--- MATERIAL PROVIDED Enclosed Below ---

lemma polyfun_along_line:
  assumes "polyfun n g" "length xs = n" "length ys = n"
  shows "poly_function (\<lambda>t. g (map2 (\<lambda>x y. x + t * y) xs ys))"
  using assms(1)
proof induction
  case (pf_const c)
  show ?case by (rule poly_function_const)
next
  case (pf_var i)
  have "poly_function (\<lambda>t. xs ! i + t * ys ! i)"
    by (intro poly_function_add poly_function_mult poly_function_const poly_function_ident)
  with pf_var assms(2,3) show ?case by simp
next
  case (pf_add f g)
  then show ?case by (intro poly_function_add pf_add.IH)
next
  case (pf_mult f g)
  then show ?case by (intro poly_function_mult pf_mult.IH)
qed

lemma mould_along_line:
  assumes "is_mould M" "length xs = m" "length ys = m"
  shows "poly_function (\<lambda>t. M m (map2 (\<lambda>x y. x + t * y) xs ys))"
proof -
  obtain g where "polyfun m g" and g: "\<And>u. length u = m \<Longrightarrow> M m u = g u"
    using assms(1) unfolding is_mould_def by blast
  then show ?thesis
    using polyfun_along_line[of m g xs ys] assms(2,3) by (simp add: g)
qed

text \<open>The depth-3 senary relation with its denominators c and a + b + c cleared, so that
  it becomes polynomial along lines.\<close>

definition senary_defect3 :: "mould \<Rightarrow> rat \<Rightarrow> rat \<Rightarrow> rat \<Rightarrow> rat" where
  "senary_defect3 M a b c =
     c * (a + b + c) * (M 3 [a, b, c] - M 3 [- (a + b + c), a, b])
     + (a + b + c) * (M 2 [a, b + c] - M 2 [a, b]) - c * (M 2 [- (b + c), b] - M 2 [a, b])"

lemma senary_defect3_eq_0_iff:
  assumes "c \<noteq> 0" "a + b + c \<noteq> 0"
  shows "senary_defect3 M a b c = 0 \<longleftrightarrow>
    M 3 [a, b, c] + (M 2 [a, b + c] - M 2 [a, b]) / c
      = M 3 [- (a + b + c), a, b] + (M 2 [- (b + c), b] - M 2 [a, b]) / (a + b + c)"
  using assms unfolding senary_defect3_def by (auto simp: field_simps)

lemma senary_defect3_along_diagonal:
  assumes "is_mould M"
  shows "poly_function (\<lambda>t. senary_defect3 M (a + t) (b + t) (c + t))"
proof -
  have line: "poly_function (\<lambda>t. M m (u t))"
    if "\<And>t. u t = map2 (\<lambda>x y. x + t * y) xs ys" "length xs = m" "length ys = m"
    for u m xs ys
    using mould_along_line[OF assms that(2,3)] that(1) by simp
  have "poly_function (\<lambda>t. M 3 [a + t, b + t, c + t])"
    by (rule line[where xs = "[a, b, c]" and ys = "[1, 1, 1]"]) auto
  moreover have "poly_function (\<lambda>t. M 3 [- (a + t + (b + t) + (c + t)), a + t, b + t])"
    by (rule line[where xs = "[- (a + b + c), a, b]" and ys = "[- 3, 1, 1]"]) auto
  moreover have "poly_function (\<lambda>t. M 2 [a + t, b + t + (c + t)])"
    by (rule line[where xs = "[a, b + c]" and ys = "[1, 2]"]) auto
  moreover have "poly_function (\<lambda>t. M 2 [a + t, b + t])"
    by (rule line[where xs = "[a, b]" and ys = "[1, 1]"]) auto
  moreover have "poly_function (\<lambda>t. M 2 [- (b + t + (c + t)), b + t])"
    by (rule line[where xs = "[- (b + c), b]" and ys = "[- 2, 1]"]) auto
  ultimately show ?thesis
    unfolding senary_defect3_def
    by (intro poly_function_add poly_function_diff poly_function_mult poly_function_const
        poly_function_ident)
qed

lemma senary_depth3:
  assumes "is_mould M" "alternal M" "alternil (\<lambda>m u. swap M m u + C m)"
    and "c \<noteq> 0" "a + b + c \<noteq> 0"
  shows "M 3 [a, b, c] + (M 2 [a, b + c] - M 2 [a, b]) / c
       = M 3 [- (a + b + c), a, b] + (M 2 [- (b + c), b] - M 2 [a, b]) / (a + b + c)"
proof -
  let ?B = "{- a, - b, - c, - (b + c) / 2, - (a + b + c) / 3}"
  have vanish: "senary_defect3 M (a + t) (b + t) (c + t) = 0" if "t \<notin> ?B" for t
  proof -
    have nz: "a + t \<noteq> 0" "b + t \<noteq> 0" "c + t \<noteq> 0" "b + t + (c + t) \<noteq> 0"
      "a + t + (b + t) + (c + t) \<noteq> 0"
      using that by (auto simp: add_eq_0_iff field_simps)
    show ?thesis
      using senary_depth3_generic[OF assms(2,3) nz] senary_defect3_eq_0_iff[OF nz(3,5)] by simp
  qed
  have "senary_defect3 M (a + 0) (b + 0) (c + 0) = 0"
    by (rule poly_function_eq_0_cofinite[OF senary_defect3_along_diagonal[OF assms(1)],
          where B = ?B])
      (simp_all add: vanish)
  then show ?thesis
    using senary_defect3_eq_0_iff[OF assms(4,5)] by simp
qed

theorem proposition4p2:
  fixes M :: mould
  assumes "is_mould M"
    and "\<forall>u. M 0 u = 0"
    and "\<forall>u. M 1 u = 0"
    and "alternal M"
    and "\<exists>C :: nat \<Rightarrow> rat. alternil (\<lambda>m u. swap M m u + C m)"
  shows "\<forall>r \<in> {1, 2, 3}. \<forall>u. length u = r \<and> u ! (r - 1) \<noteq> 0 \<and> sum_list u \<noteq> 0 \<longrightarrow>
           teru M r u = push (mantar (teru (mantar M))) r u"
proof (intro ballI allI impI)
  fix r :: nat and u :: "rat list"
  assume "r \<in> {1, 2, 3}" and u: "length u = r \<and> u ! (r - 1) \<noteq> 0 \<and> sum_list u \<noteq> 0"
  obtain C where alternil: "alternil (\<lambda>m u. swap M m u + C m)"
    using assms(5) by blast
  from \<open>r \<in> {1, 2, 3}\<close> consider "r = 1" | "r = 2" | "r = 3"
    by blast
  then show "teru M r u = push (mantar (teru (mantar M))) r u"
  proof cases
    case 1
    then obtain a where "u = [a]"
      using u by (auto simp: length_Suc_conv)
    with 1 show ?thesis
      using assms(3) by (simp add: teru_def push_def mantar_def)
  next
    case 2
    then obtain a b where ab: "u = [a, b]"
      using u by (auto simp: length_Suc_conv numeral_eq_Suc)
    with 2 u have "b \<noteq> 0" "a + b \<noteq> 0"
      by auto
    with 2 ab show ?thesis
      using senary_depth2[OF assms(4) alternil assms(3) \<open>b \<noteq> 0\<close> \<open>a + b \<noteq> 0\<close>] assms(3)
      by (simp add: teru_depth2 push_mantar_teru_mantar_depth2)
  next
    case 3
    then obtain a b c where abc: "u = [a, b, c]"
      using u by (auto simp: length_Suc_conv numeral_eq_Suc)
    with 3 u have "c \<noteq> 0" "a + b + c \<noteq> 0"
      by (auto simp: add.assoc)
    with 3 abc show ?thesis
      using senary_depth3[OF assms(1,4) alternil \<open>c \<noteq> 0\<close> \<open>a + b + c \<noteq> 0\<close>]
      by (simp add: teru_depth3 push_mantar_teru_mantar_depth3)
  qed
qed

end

--- End of Enclosed MATERIAL PROVIDED ---

**WHAT TO PRODUCE**:
Within the records above, the line carrying "then obtain a b c" starts the range and the last line ends it. Set down that range exactly.

**YOUR RESPONSE**:
    then obtain a b c where abc: "u = [a, b, c]"
      using u by (auto simp: length_Suc_conv numeral_eq_Suc)
    with 3 u have "c \<noteq> 0" "a + b + c \<noteq> 0"
      by (auto simp: add.assoc)
    with 3 abc show ?thesis
      using senary_depth3[OF assms(1,4) alternil \<open>c \<noteq> 0\<close> \<open>a + b + c \<noteq> 0\<close>]
      by (simp add: teru_depth3 push_mantar_teru_mantar_depth3)
  qed
qed

end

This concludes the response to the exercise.